Записки старого казака. Пластуны на Лабинской линии
Шрифт:
В противоположность этой находчивости, бедная казачка Фомина, поселянка с Дону; женщина лет под тридцать, возвращаясь с бочонком воды на волах в станицу, разряженная в кубелек и шелковый расшитый колпак (Дончихи долго еще на линии донашивали свой национальный костюм, далеко не живописный и состоявший из кубелека, капота вроде тех, какие носят монастырские фелички, с тальей под мышками, и застегнутый спереди дутыми серебряными пуговицами; на голову надевали шелковый вязаный колпак, шлык которого висел на бок.), до того растерялась, увидя горцев, что сама бросилась к одному из них под защиту, и он, конечно, как вежливый кавалер, подхватил ее, усадил на седло, сел сам сзади и, не дожидая других, отправился вскачь за Лабу. Бедная женщина, протерпев все бедствия нераздельные с пленом, только года через полтора выбежала из гор, оборванная и изнуренная. Другая ее подруга подлезла под воз, и тем отделалась от участи Фоминой. Много было и других случаев; но теперь всех не упомнишь, да, кажется, и приведенных достаточно.
Горцы, под прикрытием лучших наездников, собрали скот и нестройной массой отступали к Лабе. Смежные с бродом посты Родниковский и Курганный, по малочисленности конного гарнизона, помощи дать не могли; сотня станицы Чамлыкской была на Тегенях, а сотня станицы Михайловской, по дальности расстояния, прибыла тогда, когда уже все было кончено.
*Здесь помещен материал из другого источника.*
(* All $s$-derangement polynomials are $\gamma$-nonnegative: for every sequence of positive integers $s=(s_1,\ldots,s_n)$ there are nonnegative reals $\gamma_0,\ldots,\gamma_{\lfloor (n+1)/2\rfloor}$ with \[ d_n^s(z)=\sum_{i=0}^{\lfloor (n+1)/2\rfloor}\gamma_i z^i(1+z)^{n+1-2i}. \]
   Context: $P_n^s=\{x\in\mathbb{R}^n:0\le x_1/s_1\le\cdots\le x_n/s_n\le1\}$ and $d_n^s(z)=\ell^\ast(P_n^s;z)$, where for a lattice $d$-simplex $\Delta=\mathrm{conv}(v^{(0)},\ldots,v^{(d)})\subset\mathbb{R}^n$, $\ell^\ast(\Delta;z)=\sum_{x\in\Pi^\circ_\Delta\cap\mathbb{Z}^{n+1}}z^{x_{n+1}}$, $\Pi^\circ_\Delta=\{\sum_i\lambda_i(v^{(i)},1):0<\lambda_i<1\}$. A polynomial is $\gamma$-nonnegative with respect to degree $d$ if it can be written as $\sum_{i=0}^{\lfloor d/2\rfloor}\gamma_iz^i(z+1)^{d-2i}$ with all $\gamma_i\ge0$; here $d=n+1=\dim P_n^s+1$. *)

theory Defs
  imports "HOL-Analysis.Analysis" "HOL-Computational_Algebra.Polynomial"
begin

text \<open>Points of R^n are represented as functions nat => real, coordinate x_(j+1) being
  stored at index j (j < n); indices >= n are ignored for points of R^n.
  Points of R^(n+1) use index n for the last ("height") coordinate and are 0 beyond.\<close>

definition lift :: "nat \<Rightarrow> (nat \<Rightarrow> real) \<Rightarrow> (nat \<Rightarrow> real)" where
  "lift n v = (\<lambda>j. if j < n then v j else if j = n then 1 else 0)"

definition open_parallelepiped ::
  "nat \<Rightarrow> nat \<Rightarrow> (nat \<Rightarrow> nat \<Rightarrow> real) \<Rightarrow> (nat \<Rightarrow> real) set" where
  "open_parallelepiped n d v =
     {y. \<exists>c::nat \<Rightarrow> real. (\<forall>i\<le>d. 0 < c i \<and> c i < 1) \<and>
           y = (\<lambda>j. \<Sum>i\<le>d. c i * lift n (v i) j)}"

definition lattice_pts :: "nat \<Rightarrow> (nat \<Rightarrow> real) set" where
  "lattice_pts n = {y. (\<forall>j\<le>n. y j \<in> \<int>) \<and> (\<forall>j>n. y j = 0)}"

definition ell_star :: "nat \<Rightarrow> nat \<Rightarrow> (nat \<Rightarrow> nat \<Rightarrow> real) \<Rightarrow> real poly" where
  "ell_star n d v =
     (\<Sum>y\<in>open_parallelepiped n d v \<inter> lattice_pts n. monom 1 (nat \<lfloor>y n\<rfloor>))"

text \<open>Vertices of P_n^s = {x : 0 <= x_1/s_1 <= ... <= x_n/s_n <= 1}:
  vertex k (k = 0..n) has x_i = 0 for i <= k and x_i = s_i for i > k.\<close>
definition Ps_vertex :: "nat list \<Rightarrow> nat \<Rightarrow> nat \<Rightarrow> real" where
  "Ps_vertex s k j = (if k \<le> j \<and> j < length s then real (s ! j) else 0)"

definition s_derangement :: "nat list \<Rightarrow> real poly" where
  "s_derangement s = ell_star (length s) (length s) (Ps_vertex s)"
(* Let $k$ be a commutative ring, $A$ an associative $k$-algebra and $Q=\sum_ix_i\otimes y_i\in C_{A\otimes_kA}(A)$. Define $\mathrm{R}=Q\tau\in\operatorname{End}_k(A\otimes_kA)$, i.e. $\mathrm{R}(a\otimes b)=Q\cdot(b\otimes a)=\sum_i x_ib\otimes y_ia$, where $\tau$ is the twist map. Then $\mathrm{R}$ is a solution of the quantum Yang–Baxter equation $$\mathrm{R}^{12}\circ\mathrm{R}^{13}\circ\mathrm{R}^{23}=\mathrm{R}^{23}\circ\mathrm{R}^{13}\circ\mathrm{R}^{12}.$$
   Context: $C_{A\otimes_kA}(A)=\{\sum_i x_i\otimes y_i\in A\otimes_kA:\ \sum_i ax_i\otimes y_i=\sum_i x_i\otimes y_ia\ \text{for all }a\in A\}$. For $\mathrm{R}\in\operatorname{End}_k(A\otimes_kA)$: $\mathrm{R}^{12}=\mathrm{R}\otimes\operatorname{Id}$, $\mathrm{R}^{23}=\operatorname{Id}\otimes\mathrm{R}$, $\mathrm{R}^{13}=(\operatorname{Id}\otimes\tau)(\mathrm{R}\otimes\operatorname{Id})(\operatorname{Id}\otimes\tau)$ in $\operatorname{End}_k(A\otimes_kA\otimes_kA)$, where $\tau(a\otimes b)=b\otimes a$. *)

theory Defs
  imports Main HOL.Modules "HOL-Library.Function_Algebras"
begin

text \<open>
  Tensor products over a commutative ring k are modelled concretely:
  the free k-module on a set X is the type X => k restricted to finitely
  supported functions; A (x)_k A is the free module on A x A modulo the
  k-submodule generated by the bilinearity relations, and similarly for
  A (x)_k A (x)_k A on A x A x A.  Equality in the tensor product is thus
  "difference lies in the relation submodule".
\<close>

definition fsupp :: "('b \<Rightarrow> 'k::zero) \<Rightarrow> bool" where
  "fsupp f \<longleftrightarrow> finite {x. f x \<noteq> 0}"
Как только горцы двинулись к Лабе, весь гарнизон и большая часть жителей выступили из станицы в преследование, надеясь, хотя сколько-нибудь отхватить скота на броду – и не ошиблись в расчете. Вода в Лабе была велика, и в этом месте река имеет пять протоков, так что скот пришлось не в брод перегонять, а плавить на расстоянии более версты. Поднялась у горцев страшная кутерьма, чем я и воспользовался, сделав залп и бросясь с двух сторон в шашки из нашей засады. Мои молодцы так неистово гикнули, что, озадаченные нечаянностью, горцы бросились уходить, стараясь выбраться скорей из воды; подоспевшая из станицы подвижная гарнизонная артиллерия, несколькими удачными картечными выстрелами, расстроила их наплаву. Нескученный скот уносился быстриной течения и выбирался, где указывал инстинкт, на берег или на косу, на ту или на другую сторону; жители рассыпались по лесу хватать свои животы, как они называют скотину. Горцы опомнились, однако, довольно скоро и тоже открыли огонь из-за каждого занятого куста и старались не давать скота. Были смельчаки, бросавшиеся наперерез плывущим и уносимым течением, стараясь завернуть их на свою сторону. Хаос был необычайный и у нас, и у них: никто никого не слушал, суетился и метался как угорелый.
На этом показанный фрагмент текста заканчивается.